Das Grusel-Grätzl im Nobelbezirk Alsergrund  (Bild: zet)

Das Grusel- Grätzl im Nobelbezirk Alsergrund

Der Alsergrund - seit hundert Jahren ein Wiener Nobelbezirk. Aber er hat auch seine Schattenseiten. Die Liechtensteinstraße verkommt immer mehr - City4U berichtete  - und auch das Uni- Viertel zwischen Augasse und Althanstraße präsentiert sich mittlerweile wie ein heruntergekommenes Grätzl in einer bulgarischen Stadt im Jahr 1983. City4U wagte den Lokalaugenschein.

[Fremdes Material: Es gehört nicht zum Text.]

lemma card_line_free_first_sym_le:
  assumes k: "Suc k * m \<le> n" and noline: "\<not> contains_poly_line n A"
  shows "real (card (A \<inter> first_sym_words n m k)) \<le> Delta_circ m * real (card (first_sym_words n m k))"
proof -
  let ?D = "block m k \<times> block m k" and ?F = "\<lambda>_::nat \<times> nat. {1, 2::nat}"
  let ?Q = "\<lambda>b. \<forall>l<k. \<not> symmetric_on (block m l \<times> block m l) b"
  have DI: "grid n \<inter> ?D = ?D"
    using block_subset_atLeastAtMost[OF k] unfolding grid_def by auto
  show ?thesis
  proof (rule card_le_by_fibres[where I = "grid n" and F = ?F and D = ?D])
    show "A \<inter> first_sym_words n m k \<subseteq> PiE (grid n) ?F" "first_sym_words n m k \<subseteq> PiE (grid n) ?F"
      unfolding first_sym_words_def nonsym_words_def W22_def by auto
    fix b assume b: "b \<in> PiE (grid n - ?D) ?F"
    have "{a \<in> PiE (grid n \<inter> ?D) ?F. glue ?D a b \<in> A \<inter> first_sym_words n m k}
        = (if ?Q b then {a \<in> PiE ?D ?F. symmetric_on ?D a \<and> glue ?D a b \<in> A} else {})"
      using glue_block_mem_iff(2)[OF k _ b] DI by auto
    moreover have "{a \<in> PiE (grid n \<inter> ?D) ?F. glue ?D a b \<in> first_sym_words n m k}
        = (if ?Q b then {a \<in> PiE ?D ?F. symmetric_on ?D a} else {})"
      using glue_block_mem_iff(2)[OF k _ b] DI by auto
    ultimately show "real (card {a \<in> PiE (grid n \<inter> ?D) ?F. glue ?D a b \<in> A \<inter> first_sym_words n m k})
      \<le> Delta_circ m * real (card {a \<in> PiE (grid n \<inter> ?D) ?F. glue ?D a b \<in> first_sym_words n m k})"
      using card_line_free_fibre_le[OF k noline b] by simp
  qed (simp_all add: finite_grid)
qed
lemma kpow_pos_iff_of_pos_iff:
  assumes "finite S"
    and P: "\<forall>x\<in>S. \<forall>y\<in>S. 0 \<le> P x y" and Q: "\<forall>x\<in>S. \<forall>y\<in>S. 0 \<le> Q x y"
    and PQ: "\<forall>x\<in>S. \<forall>y\<in>S. 0 < P x y \<longleftrightarrow> 0 < Q x y"
    and "x' \<in> S"
  shows "0 < kpow P S l x x' \<longleftrightarrow> 0 < kpow Q S l x x'"
  using assms(5)
proof (induction l arbitrary: x')
  case (Suc l)
  have "0 < kpow P S (Suc l) x x' \<longleftrightarrow> (\<exists>z\<in>S. 0 < kpow P S l x z \<and> 0 < P z x')"
    by (rule kpow_Suc_pos_iff[OF assms(1) P Suc.prems])
  also have "\<dots> \<longleftrightarrow> (\<exists>z\<in>S. 0 < kpow Q S l x z \<and> 0 < Q z x')"
    using PQ Suc.prems by (intro bex_cong conj_cong) (simp_all add: Suc.IH)
  also have "\<dots> \<longleftrightarrow> 0 < kpow Q S (Suc l) x x'"
    by (rule kpow_Suc_pos_iff[OF assms(1) Q Suc.prems, symmetric])
  finally show ?case .
qed simp

lemma diameter_eq_of_pos_iff:
  assumes "finite S"
    and "\<forall>x\<in>S. \<forall>y\<in>S. 0 \<le> P x y" and "\<forall>x\<in>S. \<forall>y\<in>S. 0 \<le> Q x y"
    and "\<forall>x\<in>S. \<forall>y\<in>S. 0 < P x y \<longleftrightarrow> 0 < Q x y"
  shows "diameter P S = diameter Q S"
proof -
  have "\<And>l. (\<forall>x\<in>S. \<forall>x'\<in>S. 0 < kpow P S l x x') \<longleftrightarrow> (\<forall>x\<in>S. \<forall>x'\<in>S. 0 < kpow Q S l x x')"
    using kpow_pos_iff_of_pos_iff[OF assms] by blast
  then show ?thesis unfolding diameter_def by simp
qed
definition sqnorm :: "nat \<Rightarrow> (nat \<Rightarrow> real) \<Rightarrow> real" where
  "sqnorm d x = (\<Sum>i<d. (x i)\<^sup>2)"

text \<open>v = vec([A,B]) (column stacking), [A,B] of size n x (n+m).\<close>
definition Amat :: "nat \<Rightarrow> (nat \<Rightarrow> real) \<Rightarrow> nat \<Rightarrow> nat \<Rightarrow> real" where
  "Amat n v i j = v (j * n + i)"

definition Bmat :: "nat \<Rightarrow> (nat \<Rightarrow> real) \<Rightarrow> nat \<Rightarrow> nat \<Rightarrow> real" where
  "Bmat n v i j = v ((n + j) * n + i)"

definition cl_step :: "nat \<Rightarrow> nat \<Rightarrow> (nat \<Rightarrow> nat \<Rightarrow> real) \<Rightarrow> (nat \<Rightarrow> real) \<Rightarrow> (nat \<Rightarrow> real) \<Rightarrow> nat \<Rightarrow> real" where
  "cl_step n m K v x = (\<lambda>i. \<Sum>j<n. (Amat n v i j - (\<Sum>l<m. Bmat n v i l * K l j)) * x j)"

text \<open>State x_t as a function of the realisations w s = v_s (s < t).\<close>
primrec xtraj :: "nat \<Rightarrow> nat \<Rightarrow> (nat \<Rightarrow> nat \<Rightarrow> real) \<Rightarrow> (nat \<Rightarrow> real) \<Rightarrow> (nat \<Rightarrow> nat \<Rightarrow> real) \<Rightarrow> nat \<Rightarrow> nat \<Rightarrow> real" where
  "xtraj n m K x0 w 0 = x0"
| "xtraj n m K x0 w (Suc t) = cl_step n m K (w t) (xtraj n m K x0 w t)"

text \<open>Conditional law of v_t given theta_t = th: density p th w.r.t. Lebesgue measure.\<close>
definition vlaw :: "nat \<Rightarrow> ('p \<Rightarrow> (nat \<Rightarrow> real) \<Rightarrow> real) \<Rightarrow> 'p \<Rightarrow> (nat \<Rightarrow> real) measure" where
  "vlaw N p th = density (lebN N) (\<lambda>v. ennreal (p th v))"

text \<open>Conditional joint law of (v_0,...,v_{t-1}) given the parameter sequence ths:
  density prod_{s<t} p(v_s | ths s) w.r.t. Lebesgue measure.\<close>
definition traj_law :: "nat \<Rightarrow> ('p \<Rightarrow> (nat \<Rightarrow> real) \<Rightarrow> real) \<Rightarrow> (nat \<Rightarrow> 'p) \<Rightarrow> nat \<Rightarrow> (nat \<Rightarrow> nat \<Rightarrow> real) measure" where
  "traj_law N p ths t = density (PiM {..<t} (\<lambda>_. lebN N)) (\<lambda>w. ennreal (\<Prod>s<t. p (ths s) (w s)))"

text \<open>E[ ||x_t||^2 | theta_bullet ].\<close>
definition cond_sq_moment :: "nat \<Rightarrow> nat \<Rightarrow> (nat \<Rightarrow> nat \<Rightarrow> real) \<Rightarrow> ('p \<Rightarrow> (nat \<Rightarrow> real) \<Rightarrow> real)
    \<Rightarrow> (nat \<Rightarrow> 'p) \<Rightarrow> (nat \<Rightarrow> real) \<Rightarrow> nat \<Rightarrow> ennreal" where
  "cond_sq_moment n m K p ths x0 t =
     (\<integral>\<^sup>+ w. ennreal (sqnorm n (xtraj n m K x0 w t)) \<partial>traj_law (n * (n + m)) p ths t)"

text \<open>Admissible parameter sequences: values in S, constant if the system is time-invariant.\<close>
definition adm :: "bool \<Rightarrow> 'a set \<Rightarrow> (nat \<Rightarrow> 'a) \<Rightarrow> bool" where
  "adm ti S s \<longleftrightarrow> (\<forall>t. s t \<in> S) \<and> (ti \<longrightarrow> (\<forall>t. s t = s 0))"

definition robust_ms_stable :: "nat \<Rightarrow> nat \<Rightarrow> (nat \<Rightarrow> nat \<Rightarrow> real) \<Rightarrow> ('p \<Rightarrow> (nat \<Rightarrow> real) \<Rightarrow> real)
    \<Rightarrow> 'p set \<Rightarrow> bool \<Rightarrow> bool" where
  "robust_ms_stable n m K p S ti \<longleftrightarrow>
     (\<forall>x0 ths. adm ti S ths \<longrightarrow> (cond_sq_moment n m K p ths x0 \<longlonglongrightarrow> 0))"

definition ntil :: "nat \<Rightarrow> nat" where
  "ntil n = n * (n + 1) div 2"

text \<open>Position of entry (i,j), i >= j, in vech (column-wise lower triangle).\<close>
definition vech_idx :: "nat \<Rightarrow> nat \<Rightarrow> nat \<Rightarrow> nat" where
  "vech_idx n i j = j * n - j * (j - 1) div 2 + (i - j)"

definition mmul :: "nat \<Rightarrow> (nat \<Rightarrow> nat \<Rightarrow> real) \<Rightarrow> (nat \<Rightarrow> nat \<Rightarrow> real) \<Rightarrow> nat \<Rightarrow> nat \<Rightarrow> real" where
  "mmul q A B = (\<lambda>i j. \<Sum>l<q. A i l * B l j)"

definition Iden :: "nat \<Rightarrow> nat \<Rightarrow> real" where
  "Iden i j = (if i = j then 1 else 0)"

text \<open>Kronecker product A (x) B where B has r rows and s columns.\<close>
definition kron :: "nat \<Rightarrow> nat \<Rightarrow> (nat \<Rightarrow> nat \<Rightarrow> real) \<Rightarrow> (nat \<Rightarrow> nat \<Rightarrow> real) \<Rightarrow> nat \<Rightarrow> nat \<Rightarrow> real" where
  "kron r s A B = (\<lambda>i j. A (i div r) (j div s) * B (i mod r) (j mod s))"

text \<open>Elimination matrix E_e (ntil x n^2): E_e vec(X) = vech(X).\<close>
definition Ee :: "nat \<Rightarrow> nat \<Rightarrow> nat \<Rightarrow> real" where
  "Ee n r c = (if \<exists>i j. i < n \<and> j \<le> i \<and> r = vech_idx n i j \<and> c = j * n + i then 1 else 0)"

text \<open>Duplication matrix D (n^2 x ntil): D vech(Y) = vec(Y) for symmetric Y.\<close>
definition Dm :: "nat \<Rightarrow> nat \<Rightarrow> nat \<Rightarrow> real" where
  "Dm n c r = (if \<exists>i j. i < n \<and> j < n \<and> c = j * n + i \<and> r = vech_idx n (max i j) (min i j) then 1 else 0)"

definition Ccal :: "nat \<Rightarrow> (nat \<Rightarrow> nat \<Rightarrow> real) \<Rightarrow> nat \<Rightarrow> nat \<Rightarrow> real" where
  "Ccal n Y = mmul (n^2) (mmul (n^2) (Ee n) Y) (Dm n)"

definition Mblk :: "nat \<Rightarrow> (nat \<Rightarrow> nat \<Rightarrow> real) \<Rightarrow> nat \<Rightarrow> nat \<Rightarrow> nat \<Rightarrow> nat \<Rightarrow> real" where
  "Mblk n M i j r c = M (i * n + r) (j * n + c)"

text \<open>Column j*n+i of F_aa is vec(M_{i,j}).\<close>
definition Faa :: "nat \<Rightarrow> (nat \<Rightarrow> nat \<Rightarrow> real) \<Rightarrow> nat \<Rightarrow> nat \<Rightarrow> real" where
  "Faa n M = (\<lambda>r c. Mblk n M (c mod n) (c div n) (r mod n) (r div n))"

text \<open>Column j*m+i' of F_ab is vec(M_{n+i',j}).\<close>
definition Fab :: "nat \<Rightarrow> nat \<Rightarrow> (nat \<Rightarrow> nat \<Rightarrow> real) \<Rightarrow> nat \<Rightarrow> nat \<Rightarrow> real" where
  "Fab n m M = (\<lambda>r c. Mblk n M (n + c mod m) (c div m) (r mod n) (r div n))"

text \<open>Column j'*n+i of F_ba is vec(M_{i,n+j'}).\<close>
definition Fba :: "nat \<Rightarrow> nat \<Rightarrow> (nat \<Rightarrow> nat \<Rightarrow> real) \<Rightarrow> nat \<Rightarrow> nat \<Rightarrow> real" where
  "Fba n m M = (\<lambda>r c. Mblk n M (c mod n) (n + c div n) (r mod n) (r div n))"
lemma two_top_family_nested_humps:
  assumes uv: "(u, v) \<in> nested_humps m"
  shows "two_top_family m u v \<in> X (int m)" and "total_asc m (two_top_family m u v) = 2"
    and "n_asc (two_top_family m u v (m - 1)) \<noteq> 0"
    and "family_weight d m (two_top_family m u v) = d (int m) * d (int m + 1)"
proof -
  obtain l where ml: "m = Suc l" using nested_humps_ge_2[OF uv] by (cases m) auto
  have u: "u \<in> flat_insertions m [Asc, Desc]" and v: "v \<in> flat_insertions (Suc m) [Asc, Desc]"
    using uv by (auto simp: nested_humps_def)
  note U = flat_insertions_UD[OF u] and V = flat_insertions_UD[OF v]
  show "two_top_family m u v \<in> X (int m)" using two_top_family_in_X uv ml by simp
  have "total_asc m (two_top_family m u v) = (\<Sum>i\<le>Suc l. if i = Suc l then 1 else if i = l then 1 else 0)"
    unfolding total_asc_def by (rule sum.cong) (use U V ml in \<open>auto simp: two_top_family_Suc\<close>)
  then show "total_asc m (two_top_family m u v) = 2" by simp
  show "n_asc (two_top_family m u v (m - 1)) \<noteq> 0" using U ml by (simp add: two_top_family_Suc)
  have "family_weight d m (two_top_family m u v)
      = (\<Prod>i\<le>Suc l. if i = Suc l then d (int m + 1) else if i = l then d (int m) else 1)"
    unfolding family_weight_def
    by (rule prod.cong) (use U V ml in \<open>auto simp: two_top_family_Suc desc_weight_replicate_Flat\<close>)
  then show "family_weight d m (two_top_family m u v) = d (int m) * d (int m + 1)" by simp
qed
lemma column_weight_add: "column_weight c (b c + x) = (if odd x then (-1) ^ (c + b c + 1) else 0)"
proof (induction x)
  case (Suc x)
  have "{b c<..b c + Suc x} = insert (b c + Suc x) {b c<..b c + x}"
    by auto
  then have "column_weight c (b c + Suc x) = (-1) ^ (c + (b c + Suc x)) + column_weight c (b c + x)"
    unfolding column_weight_def by simp
  then show ?case
    using Suc.IH by (auto simp: power_add)
qed (simp add: column_weight_def)

text \<open>Toggling the columns \<open>1, \<dots>, a\<close> in this order (promotion) takes \<open>g\<close> to \<open>g'\<close>:
  column \<open>c\<close> sees its left neighbour already toggled and its right neighbour not yet.\<close>

definition promotes :: "(nat \<Rightarrow> nat) \<Rightarrow> (nat \<Rightarrow> nat) \<Rightarrow> bool" where
  "promotes g g' \<longleftrightarrow> (\<forall>c\<in>{1..a}. g' c = toggled c (g' (c - 1)) (g c) (g (Suc c)))"

lemma promotes_le_left:
  assumes g: "is_height g" and g': "is_height g'" and p: "promotes g g'" and c: "1 \<le> c" "c \<le> a"
  shows "g c \<le> g' (c - 1)"
proof (cases "c = 1")
  case True
  then show ?thesis using is_height_le[OF g] g' by (simp add: is_height_def)
next
  case False
  then obtain d where d: "c = Suc d" "1 \<le> d"
    using c by (cases c) auto
  then have "g' d = toggled d (g' (d - 1)) (g d) (g c)"
    using p c by (simp add: promotes_def)
  moreover have "g c \<le> g d"
    using is_height_Suc_le[OF g] d by simp
  ultimately show ?thesis
    using d by (simp add: toggled_def)
qed

lemma promotes_lt_left_Suc:
  assumes g: "is_height g" and p: "promotes g g'" and c: "1 \<le> c" "c \<le> a"
    and lt: "g c < g' (c - 1)"
  shows "g' c = Suc (g c)" and "g (Suc c) < g' c"
proof -
  show "g' c = Suc (g c)"
    using p c lt by (simp add: promotes_def toggled_def)
  then show "g (Suc c) < g' c"
    using is_height_Suc_le[OF g, of c] by simp
qed

lemma promotes_Suc_everywhere:
  assumes g: "is_height g" and g': "is_height g'" and p: "promotes g g'" and lt: "g 1 < a"
  shows "1 \<le> c \<Longrightarrow> c \<le> a \<Longrightarrow> g' c = Suc (g c) \<and> g (Suc c) < g' c"
proof (induction c rule: nat_induct_at_least)
  case base
  then show ?case
    using promotes_lt_left_Suc[OF g p, of 1] lt g' by (simp add: is_height_def)
next
  case (Suc c)
  then show ?case
    using promotes_lt_left_Suc[OF g p, of "Suc c"] by simp
qed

Was in den 1970er Jahren als letzter architektonischer Schrei und top- modern galt, ist heute nur noch gruselig. Im Uni- Grätzl tobten sich die Architekten damals mit Bunkerarchitektur aus, die sie großflächig mit Waschbetonplatten verkleideten.

Tausende Studenten pilgerten jeden Tag dort hin, um sich schon allein vom Anblick der Betonklötze die Laune verderben zu lassen.

Während es sich die Studenten der Wirtschaftsuniversität seit 2013 verbessern konnten - sie übersiedelten auf den neuen Campus beim Prater, müssen ihre Kolleginnen und Kollegen von anderen Fachrichtungen noch bleiben.

Das Universitätszentrum Althanstraße, kurz UZA, beherbergt Biologie- und Zoologiestudenten, die Uni für Theater- Film und Medienwissenschaft und das Pharmaziezentrum. Eine dreiteilige Kunstinstallation erleichtert es ihnen, den Eingang zu finden.

Zusammenfassung: Eine Orgie aus Beton und Waschbeton in verwittertem Zustand - unfassbar, dass dieser Baustil einmal angesagt war.